From thin air the congress obliged Dr. Patent, and converted
public lands into private ownership by writing the 
tangible property law (DEEDs) and again from thin air
congress created a way to for investors and others to own
the products of the human mind of inventors 
(methods of doing things) intangible property law. 

Dr. Patent licensed the right to use the patent he obtained
from Mr. Island for $500,000; thus far 50 islands have been
built using Mr. Islands method owned by Dr. Patent. 
$500,000 * 50 = $25,000,000 profit earned by Dr. Patent.


In short, Congress made it possible for Dr. Patent to steal
both Mr. Island´s Island and his invention of a method to 
build such an island. 

The story explains why the top 1% own as much as the 
entire 99% other percent own. 

Patents and deeds transfer ownership from the public to 
the private domain, and ownership transfers wealth from 
non owners. 

IANAL

--------------------------------------------
On Tue, 4/18/17, toki <toki.kantoor@gmail.com> wrote:

 Subject: Re: [libreoffice-users] i have questions about licensing in
libreoffice.
 To: users@global.libreoffice.org
 Date: Tuesday, April 18, 2017, 8:44 PM
 
 On 04/17/2017 09:01 AM, nasrin
 khaksar wrote:
 > i heard sometimes that
 openoffice license is license of oracle company.
 
 Oracle purchased Sun. That
 purchase included the trademarks, copyrights,
 and other intellectual property rights held by
 OpenOffice.org.
 
 After a
 couple of years, Oracle donated OpenOffice.org, including
 trademarks, copyright, and other intellectual
 property rights to The
 Apache Software
 Foundation.
 
 Which means
 that Oracles does owns neither Apache Open Office nor
 OpenOffice.org.
 
 However, Oracle does own Java, which is used by
 both LibreOffice and
 Apache Open Office. 
 Given a couple of somewhat bizarre legal theories,
 supported by, what shall be termed
 "interesting' court decisions, an
 extremely shaky legal theory can be made that
 Oracle owns both
 LibreOffice, and Apache
 Open Office. As much as I'd like to think that
 Oracle has persuaded itself that ownership of
 FLOSS is not possible, I
 wouldn't put it
 past them to be willing to squander away a trillion or
 so dollars, in lawsuits to assert ownership of
 LibreOffice, Apache
 OpenOffice, and other
 FLOSS software that it finds either inconvenience,
 or a potential cash cow.
 
 > is it true?
 
 There is an apocryphal story of a first legal
 intern being told examine
 a software
 license.

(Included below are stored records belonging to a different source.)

text \<open>Boxes are opened in ascending order of arrival time (ties, which can only occur
  among boxes with infinite arrival time, broken by index).\<close>
definition da_cost :: "nat \<Rightarrow> real \<Rightarrow> (nat \<Rightarrow> enat) \<Rightarrow> (nat \<Rightarrow> nat) \<Rightarrow> nat" where
  "da_cost n k \<alpha> v =
    (let T = Min ((\<lambda>i. \<alpha> i + enat (nat \<lfloor>k * real (v i)\<rfloor>)) ` {..<n});
         m = (case T of enat t \<Rightarrow> min t n | \<infinity> \<Rightarrow> n);
         S = {i. i < n \<and> card {j. j < n \<and> (\<alpha> j < \<alpha> i \<or> (\<alpha> j = \<alpha> i \<and> j < i))} < m}
     in m + Min (v ` S))"

definition alg_value :: "nat \<Rightarrow> (nat \<Rightarrow> nat) pmf \<Rightarrow> (nat \<Rightarrow> nat \<Rightarrow> real) \<Rightarrow> ennreal" where
  "alg_value n D x =
     (\<integral>\<^sup>+ k. indicator {0..4} k * ennreal (exp k / (exp 4 - 1)) *
        (\<integral>\<^sup>+ \<omega>. (\<integral>\<^sup>+ v. ennreal (real (da_cost n k (arrival \<omega>) v)) \<partial>measure_pmf D)
           \<partial>poisson_space n x) \<partial>lborel)"

end

theory Submission
  imports Defs
begin

text \<open>Fix the arrival times \<alpha>. If box j minimizes \<alpha>_i + k v_i, then k-delayed activation stops
  by time \<alpha>_j + \<lfloor>k v_j\<rfloor> with box j opened, so it pays at most \<psi>(k) + \<psi>'(k), where
  \<psi>(k) = min_i (\<alpha>_i + k v_i) is concave and piecewise linear. Since (e^k \<psi>(k))' = e^k (\<psi>(k) + \<psi>'(k)),
  the expected cost under the density e^k/(e^4 - 1) on [0, 4] is at most e^4 \<psi>(4)/(e^4 - 1).

  Under Poisson rounding, \<psi>(4) = min_i (\<alpha>_i + 4 v_i) exceeds t with probability at most
  exp (- \<Sum>_(i,t') x_i(t') w_t'(t - 4 v_i)), where the sampling weight w_t'(L) of slot t' grows like
  2 ln ((L/2 + 1)/t'), so that \<Sum>_L exp (- w_t'(L)) \<le> 4 t'. After truncating x to its first unit of
  mass in the order of t' + v_i, Jensen's inequality for exp bounds E[\<psi>(4)] by 4 times the
  objective of the convex program. Finally, every fixed opening order is a feasible 0/1 solution
  of the convex program whose objective is at most its cost, so the program's optimum is at most OPT.\<close>

section \<open>Sampling weight of a time slot\<close>

text \<open>Since xbar_i(u) averages x_i over the slots t' \<le> u, Poisson rounding samples box i
  during steps 1..L with total probability \<Sum>_t' x_i(t') * slot_weight t' L.\<close>
definition slot_weight :: "nat \<Rightarrow> nat \<Rightarrow> real" where
  "slot_weight t' L = (\<Sum>\<tau>\<in>{\<tau>\<in>{1..L}. t' \<le> (\<tau> + 1) div 2}. 1 / real ((\<tau> + 1) div 2))"

lemma slot_weight_nonneg: "0 \<le> slot_weight t' L"
  unfolding slot_weight_def by (intro sum_nonneg) auto

lemma slot_weight_Suc:
  "slot_weight t' (Suc L) = slot_weight t' L + (if t' \<le> (L + 2) div 2 then 1 / real ((L + 2) div 2) else 0)"
proof -
  have "{\<tau>\<in>{1..Suc L}. t' \<le> (\<tau> + 1) div 2} =
        (if t' \<le> (L + 2) div 2 then insert (Suc L) {\<tau>\<in>{1..L}. t' \<le> (\<tau> + 1) div 2}
         else {\<tau>\<in>{1..L}. t' \<le> (\<tau> + 1) div 2})"
    by (auto simp: le_Suc_eq)
  then show ?thesis unfolding slot_weight_def by auto
qed

lemma slot_weight_mono: "L \<le> L' \<Longrightarrow> slot_weight t' L \<le> slot_weight t' L'"
proof (induction L' rule: dec_induct)
  case (step m)
  have "slot_weight t' m \<le> slot_weight t' (Suc m)" by (simp add: slot_weight_Suc)
  then show ?case using step by linarith
qed simp

lemma slot_weight_double:
  assumes "1 \<le> t'"
  shows "slot_weight t' (2 * q) = 2 * (\<Sum>u\<in>{t'..q}. 1 / real u)"
proof (induction q)
  case 0
  then show ?case using assms by (simp add: slot_weight_def)
next
  case (Suc q)
  have "slot_weight t' (2 * Suc q) = slot_weight t' (2 * q) + 2 * (if t' \<le> Suc q then 1 / real (Suc q) else 0)"
    by (simp add: slot_weight_Suc)
  also have "\<dots> = 2 * (\<Sum>u\<in>{t'..Suc q}. 1 / real u)"
    using Suc by (auto simp: atLeastAtMostSuc_conv algebra_simps)
  finally show ?case .
qed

In researching the license, he asked: "Is
 there any
 way, shape, or form, in which
 Oracle can assert control of the
 software?" Upon being told that Oracle was
 purchasing the company that
 made the
 software whose license was being analysed, the intern said;
 "I
 can not recommend accepting this
 license, because it will depend upon
 Oracle.
 As an Oracle license, all terms and conditions are subject
 to
 their specific interpretation, which
 usually comes down to: "All your
 bases,
 they belong to us".  Said intern was dully blacklisted
 by the
 company. A decade later, one of the
 members of the board of directors
 found
 himself across the dinner table from said intern. The member
 told
 the intern that his prediction about
 what Oracle would do, turned out to
 be
 valid, with disastrous consequences to the company.